[Dataset items]

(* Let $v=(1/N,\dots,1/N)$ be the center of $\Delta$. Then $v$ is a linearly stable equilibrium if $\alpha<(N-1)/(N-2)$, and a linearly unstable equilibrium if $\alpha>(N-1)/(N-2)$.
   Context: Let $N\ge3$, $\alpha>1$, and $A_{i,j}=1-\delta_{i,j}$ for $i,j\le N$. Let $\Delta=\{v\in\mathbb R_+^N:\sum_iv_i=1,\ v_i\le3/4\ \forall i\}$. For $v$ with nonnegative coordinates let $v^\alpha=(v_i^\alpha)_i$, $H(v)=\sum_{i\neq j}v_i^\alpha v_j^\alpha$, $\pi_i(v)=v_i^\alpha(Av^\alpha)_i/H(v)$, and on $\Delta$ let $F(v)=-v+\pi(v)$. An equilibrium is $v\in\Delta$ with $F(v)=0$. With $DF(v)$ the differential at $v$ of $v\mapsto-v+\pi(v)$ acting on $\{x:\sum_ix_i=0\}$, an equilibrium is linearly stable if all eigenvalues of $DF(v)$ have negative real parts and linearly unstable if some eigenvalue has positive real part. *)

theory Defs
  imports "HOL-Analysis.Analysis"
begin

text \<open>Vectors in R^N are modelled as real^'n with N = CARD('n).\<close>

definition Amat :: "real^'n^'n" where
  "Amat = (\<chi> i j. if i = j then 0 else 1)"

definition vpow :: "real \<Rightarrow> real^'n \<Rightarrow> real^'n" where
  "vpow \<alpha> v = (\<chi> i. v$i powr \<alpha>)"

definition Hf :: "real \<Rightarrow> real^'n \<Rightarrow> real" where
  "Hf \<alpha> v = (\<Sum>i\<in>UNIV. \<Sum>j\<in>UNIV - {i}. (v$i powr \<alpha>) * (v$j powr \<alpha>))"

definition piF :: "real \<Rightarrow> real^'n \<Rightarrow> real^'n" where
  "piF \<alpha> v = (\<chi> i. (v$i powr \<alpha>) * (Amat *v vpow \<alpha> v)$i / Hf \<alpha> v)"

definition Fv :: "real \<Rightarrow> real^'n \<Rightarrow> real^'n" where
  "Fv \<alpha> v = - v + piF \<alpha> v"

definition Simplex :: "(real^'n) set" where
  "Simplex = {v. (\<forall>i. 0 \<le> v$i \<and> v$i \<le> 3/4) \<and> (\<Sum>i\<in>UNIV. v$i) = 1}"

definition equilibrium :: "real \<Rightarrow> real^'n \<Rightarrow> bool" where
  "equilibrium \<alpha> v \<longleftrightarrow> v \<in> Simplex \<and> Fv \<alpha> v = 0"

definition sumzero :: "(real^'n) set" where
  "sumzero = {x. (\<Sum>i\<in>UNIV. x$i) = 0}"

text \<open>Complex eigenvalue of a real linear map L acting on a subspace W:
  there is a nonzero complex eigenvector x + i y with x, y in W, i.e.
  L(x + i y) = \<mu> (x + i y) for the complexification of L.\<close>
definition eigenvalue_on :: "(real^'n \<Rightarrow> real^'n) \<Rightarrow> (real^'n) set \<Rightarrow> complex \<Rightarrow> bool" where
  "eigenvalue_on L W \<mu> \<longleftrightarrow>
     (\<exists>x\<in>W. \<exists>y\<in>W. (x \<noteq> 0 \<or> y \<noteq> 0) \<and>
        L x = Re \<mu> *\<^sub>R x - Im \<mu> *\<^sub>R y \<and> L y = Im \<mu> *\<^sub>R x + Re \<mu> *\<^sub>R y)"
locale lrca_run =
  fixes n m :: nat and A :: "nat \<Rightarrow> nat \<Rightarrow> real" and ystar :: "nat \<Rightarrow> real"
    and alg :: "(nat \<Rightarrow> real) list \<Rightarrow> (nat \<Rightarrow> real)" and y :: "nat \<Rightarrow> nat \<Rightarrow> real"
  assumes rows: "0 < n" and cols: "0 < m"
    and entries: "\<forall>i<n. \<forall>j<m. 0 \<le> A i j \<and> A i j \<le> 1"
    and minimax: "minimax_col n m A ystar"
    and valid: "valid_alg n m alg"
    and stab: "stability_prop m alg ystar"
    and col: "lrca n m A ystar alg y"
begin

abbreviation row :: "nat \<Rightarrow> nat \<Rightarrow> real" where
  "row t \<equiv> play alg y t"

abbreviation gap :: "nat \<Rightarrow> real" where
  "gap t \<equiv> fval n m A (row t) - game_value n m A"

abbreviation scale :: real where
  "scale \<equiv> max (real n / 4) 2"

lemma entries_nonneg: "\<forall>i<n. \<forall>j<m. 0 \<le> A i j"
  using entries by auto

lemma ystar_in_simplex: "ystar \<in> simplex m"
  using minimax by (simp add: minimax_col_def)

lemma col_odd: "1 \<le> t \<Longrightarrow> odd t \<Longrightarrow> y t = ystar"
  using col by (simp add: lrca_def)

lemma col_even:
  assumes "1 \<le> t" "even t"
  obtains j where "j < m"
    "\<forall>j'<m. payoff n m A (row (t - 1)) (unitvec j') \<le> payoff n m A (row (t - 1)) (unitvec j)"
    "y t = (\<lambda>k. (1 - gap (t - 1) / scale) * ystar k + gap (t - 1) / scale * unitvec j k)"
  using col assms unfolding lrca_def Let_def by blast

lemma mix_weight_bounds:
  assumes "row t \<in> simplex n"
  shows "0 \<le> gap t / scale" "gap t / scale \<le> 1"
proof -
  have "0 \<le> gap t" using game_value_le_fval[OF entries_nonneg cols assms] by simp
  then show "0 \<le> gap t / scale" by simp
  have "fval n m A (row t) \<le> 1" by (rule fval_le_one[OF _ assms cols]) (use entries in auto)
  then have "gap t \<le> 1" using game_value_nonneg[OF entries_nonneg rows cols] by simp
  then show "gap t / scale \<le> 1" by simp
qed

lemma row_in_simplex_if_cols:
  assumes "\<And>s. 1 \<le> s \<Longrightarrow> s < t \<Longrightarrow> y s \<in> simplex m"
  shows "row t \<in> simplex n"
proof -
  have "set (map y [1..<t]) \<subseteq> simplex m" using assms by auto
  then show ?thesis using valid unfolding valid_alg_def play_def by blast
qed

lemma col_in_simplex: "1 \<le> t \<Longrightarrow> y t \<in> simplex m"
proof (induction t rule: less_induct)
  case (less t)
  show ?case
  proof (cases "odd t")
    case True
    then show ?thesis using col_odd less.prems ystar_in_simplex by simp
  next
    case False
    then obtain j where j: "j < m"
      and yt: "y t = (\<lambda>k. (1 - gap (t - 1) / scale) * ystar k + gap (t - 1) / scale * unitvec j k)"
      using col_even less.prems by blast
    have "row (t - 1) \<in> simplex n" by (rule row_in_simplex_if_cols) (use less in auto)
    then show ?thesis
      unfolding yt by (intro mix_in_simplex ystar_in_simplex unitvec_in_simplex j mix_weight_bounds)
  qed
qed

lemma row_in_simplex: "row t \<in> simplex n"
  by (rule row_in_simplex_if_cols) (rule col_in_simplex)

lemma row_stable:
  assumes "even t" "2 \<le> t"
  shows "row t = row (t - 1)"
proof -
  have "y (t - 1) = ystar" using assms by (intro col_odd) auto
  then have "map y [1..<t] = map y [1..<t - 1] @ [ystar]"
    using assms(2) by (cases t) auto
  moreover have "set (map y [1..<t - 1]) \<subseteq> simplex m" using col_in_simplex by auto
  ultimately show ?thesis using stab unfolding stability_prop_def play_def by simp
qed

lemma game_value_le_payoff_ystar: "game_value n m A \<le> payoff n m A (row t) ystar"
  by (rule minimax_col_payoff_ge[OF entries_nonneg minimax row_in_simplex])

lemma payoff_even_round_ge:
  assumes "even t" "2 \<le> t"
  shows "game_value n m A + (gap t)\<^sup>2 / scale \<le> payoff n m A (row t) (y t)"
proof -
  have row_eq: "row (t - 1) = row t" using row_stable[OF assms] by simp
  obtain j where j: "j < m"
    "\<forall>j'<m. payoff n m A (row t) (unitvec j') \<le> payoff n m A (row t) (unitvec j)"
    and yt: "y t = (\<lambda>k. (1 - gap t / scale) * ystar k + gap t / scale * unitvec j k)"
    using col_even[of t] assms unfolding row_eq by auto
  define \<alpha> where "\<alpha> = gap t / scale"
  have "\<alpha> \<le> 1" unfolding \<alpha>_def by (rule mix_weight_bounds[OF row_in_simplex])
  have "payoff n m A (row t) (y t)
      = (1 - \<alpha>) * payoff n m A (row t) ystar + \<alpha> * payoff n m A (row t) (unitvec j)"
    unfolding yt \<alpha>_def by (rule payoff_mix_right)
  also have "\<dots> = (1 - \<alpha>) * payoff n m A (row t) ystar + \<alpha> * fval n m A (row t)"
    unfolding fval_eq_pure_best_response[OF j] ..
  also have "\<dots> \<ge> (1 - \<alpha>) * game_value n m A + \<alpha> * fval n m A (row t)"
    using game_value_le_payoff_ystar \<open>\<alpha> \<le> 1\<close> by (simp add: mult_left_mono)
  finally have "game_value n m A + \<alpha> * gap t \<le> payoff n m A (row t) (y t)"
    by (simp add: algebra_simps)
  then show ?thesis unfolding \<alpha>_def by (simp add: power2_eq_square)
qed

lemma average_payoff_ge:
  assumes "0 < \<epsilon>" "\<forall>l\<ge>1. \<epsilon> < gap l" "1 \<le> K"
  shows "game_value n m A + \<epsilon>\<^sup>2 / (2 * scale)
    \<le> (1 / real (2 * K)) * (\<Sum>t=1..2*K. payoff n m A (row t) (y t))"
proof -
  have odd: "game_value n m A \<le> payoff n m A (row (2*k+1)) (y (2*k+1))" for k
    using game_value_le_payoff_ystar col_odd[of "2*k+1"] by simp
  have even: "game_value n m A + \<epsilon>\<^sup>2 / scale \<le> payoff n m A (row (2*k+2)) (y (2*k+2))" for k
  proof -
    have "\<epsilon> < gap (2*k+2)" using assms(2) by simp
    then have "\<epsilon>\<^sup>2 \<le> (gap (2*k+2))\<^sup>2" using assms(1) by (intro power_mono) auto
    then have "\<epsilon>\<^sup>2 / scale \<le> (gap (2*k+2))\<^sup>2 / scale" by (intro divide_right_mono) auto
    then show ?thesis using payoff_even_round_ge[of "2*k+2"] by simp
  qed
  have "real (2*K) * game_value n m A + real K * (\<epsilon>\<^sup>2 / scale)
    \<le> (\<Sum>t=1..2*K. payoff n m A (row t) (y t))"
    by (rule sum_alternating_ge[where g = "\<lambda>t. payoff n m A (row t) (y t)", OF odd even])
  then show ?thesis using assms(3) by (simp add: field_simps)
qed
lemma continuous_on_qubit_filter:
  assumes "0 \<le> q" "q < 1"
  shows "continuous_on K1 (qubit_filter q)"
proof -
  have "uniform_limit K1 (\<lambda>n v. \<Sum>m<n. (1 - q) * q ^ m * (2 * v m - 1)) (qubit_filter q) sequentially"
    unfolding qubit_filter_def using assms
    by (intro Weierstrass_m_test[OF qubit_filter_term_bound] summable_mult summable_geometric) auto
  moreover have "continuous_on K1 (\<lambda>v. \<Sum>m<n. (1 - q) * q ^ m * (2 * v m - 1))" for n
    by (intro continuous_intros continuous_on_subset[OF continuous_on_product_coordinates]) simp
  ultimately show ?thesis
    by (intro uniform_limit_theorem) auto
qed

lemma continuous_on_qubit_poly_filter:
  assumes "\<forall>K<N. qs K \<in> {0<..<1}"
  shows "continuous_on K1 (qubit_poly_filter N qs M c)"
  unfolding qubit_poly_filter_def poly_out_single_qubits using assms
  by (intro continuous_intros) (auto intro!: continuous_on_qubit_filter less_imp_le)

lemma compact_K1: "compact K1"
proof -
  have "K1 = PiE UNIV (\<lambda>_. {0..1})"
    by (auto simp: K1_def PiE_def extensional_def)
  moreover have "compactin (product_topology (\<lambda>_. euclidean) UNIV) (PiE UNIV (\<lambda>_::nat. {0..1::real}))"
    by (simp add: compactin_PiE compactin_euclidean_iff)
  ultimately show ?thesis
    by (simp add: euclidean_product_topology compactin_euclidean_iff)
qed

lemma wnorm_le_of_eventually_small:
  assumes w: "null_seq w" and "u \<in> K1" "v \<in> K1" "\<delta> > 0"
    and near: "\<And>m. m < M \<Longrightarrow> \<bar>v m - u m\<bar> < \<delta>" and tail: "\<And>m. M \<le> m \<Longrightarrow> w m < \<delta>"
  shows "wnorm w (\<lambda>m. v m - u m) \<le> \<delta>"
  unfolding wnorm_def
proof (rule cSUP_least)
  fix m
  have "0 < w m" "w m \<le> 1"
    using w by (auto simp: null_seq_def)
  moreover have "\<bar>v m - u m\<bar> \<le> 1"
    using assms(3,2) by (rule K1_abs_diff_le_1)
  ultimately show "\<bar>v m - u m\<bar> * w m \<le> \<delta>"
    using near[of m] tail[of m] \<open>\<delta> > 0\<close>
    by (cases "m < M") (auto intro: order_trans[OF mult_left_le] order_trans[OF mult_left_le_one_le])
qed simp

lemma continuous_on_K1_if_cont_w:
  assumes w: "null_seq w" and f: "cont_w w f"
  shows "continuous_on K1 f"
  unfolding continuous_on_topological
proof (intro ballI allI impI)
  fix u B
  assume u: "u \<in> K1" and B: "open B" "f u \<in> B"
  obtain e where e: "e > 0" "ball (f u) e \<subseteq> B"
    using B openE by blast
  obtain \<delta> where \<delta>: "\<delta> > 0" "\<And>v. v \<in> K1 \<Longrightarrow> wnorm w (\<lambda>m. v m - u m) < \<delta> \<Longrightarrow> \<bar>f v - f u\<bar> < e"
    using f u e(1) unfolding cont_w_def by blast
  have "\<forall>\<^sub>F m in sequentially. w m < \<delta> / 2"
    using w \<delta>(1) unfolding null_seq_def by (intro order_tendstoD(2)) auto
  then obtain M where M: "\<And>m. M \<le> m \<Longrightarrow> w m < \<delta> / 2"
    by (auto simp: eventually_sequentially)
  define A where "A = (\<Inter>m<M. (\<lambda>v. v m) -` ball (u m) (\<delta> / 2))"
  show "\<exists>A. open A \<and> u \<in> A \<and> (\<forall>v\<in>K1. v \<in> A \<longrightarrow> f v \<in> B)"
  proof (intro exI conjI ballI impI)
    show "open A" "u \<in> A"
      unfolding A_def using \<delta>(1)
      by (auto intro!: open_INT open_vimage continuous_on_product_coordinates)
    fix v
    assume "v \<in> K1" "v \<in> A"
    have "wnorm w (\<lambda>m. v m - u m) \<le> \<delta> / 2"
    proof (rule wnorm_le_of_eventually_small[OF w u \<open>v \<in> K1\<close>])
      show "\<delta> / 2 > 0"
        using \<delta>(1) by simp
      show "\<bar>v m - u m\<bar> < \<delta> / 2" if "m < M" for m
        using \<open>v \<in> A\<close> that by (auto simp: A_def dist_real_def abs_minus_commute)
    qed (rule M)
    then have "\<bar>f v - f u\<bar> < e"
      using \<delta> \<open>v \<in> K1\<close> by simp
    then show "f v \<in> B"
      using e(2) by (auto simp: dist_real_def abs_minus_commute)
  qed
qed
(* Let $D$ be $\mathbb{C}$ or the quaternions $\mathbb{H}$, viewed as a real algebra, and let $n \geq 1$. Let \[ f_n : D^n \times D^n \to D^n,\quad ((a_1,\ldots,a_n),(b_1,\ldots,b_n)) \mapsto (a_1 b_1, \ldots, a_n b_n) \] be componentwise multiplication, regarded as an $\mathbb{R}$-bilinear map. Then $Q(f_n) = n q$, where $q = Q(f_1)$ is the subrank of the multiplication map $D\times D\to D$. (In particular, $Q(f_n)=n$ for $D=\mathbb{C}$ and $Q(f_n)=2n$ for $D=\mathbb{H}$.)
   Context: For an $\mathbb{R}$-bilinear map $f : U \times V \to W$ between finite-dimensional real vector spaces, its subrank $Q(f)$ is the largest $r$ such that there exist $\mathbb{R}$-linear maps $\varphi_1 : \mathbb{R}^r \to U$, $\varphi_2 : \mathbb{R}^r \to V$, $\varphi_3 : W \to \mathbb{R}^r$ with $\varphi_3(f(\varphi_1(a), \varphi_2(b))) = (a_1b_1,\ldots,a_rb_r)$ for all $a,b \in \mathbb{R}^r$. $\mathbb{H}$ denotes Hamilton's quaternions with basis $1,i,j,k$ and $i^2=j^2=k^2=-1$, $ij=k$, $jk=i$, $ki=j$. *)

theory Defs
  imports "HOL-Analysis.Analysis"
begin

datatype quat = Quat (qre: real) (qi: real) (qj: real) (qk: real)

Your assignment
Look through the entries and find each line that has the string "tail". Copy those lines.

Written solution
    and near: "\<And>m. m < M \<Longrightarrow> \<bar>v m - u m\<bar> < \<delta>" and tail: "\<And>m. M \<le> m \<Longrightarrow> w m < \<delta>"
    using near[of m] tail[of m] \<open>\<delta> > 0\<close>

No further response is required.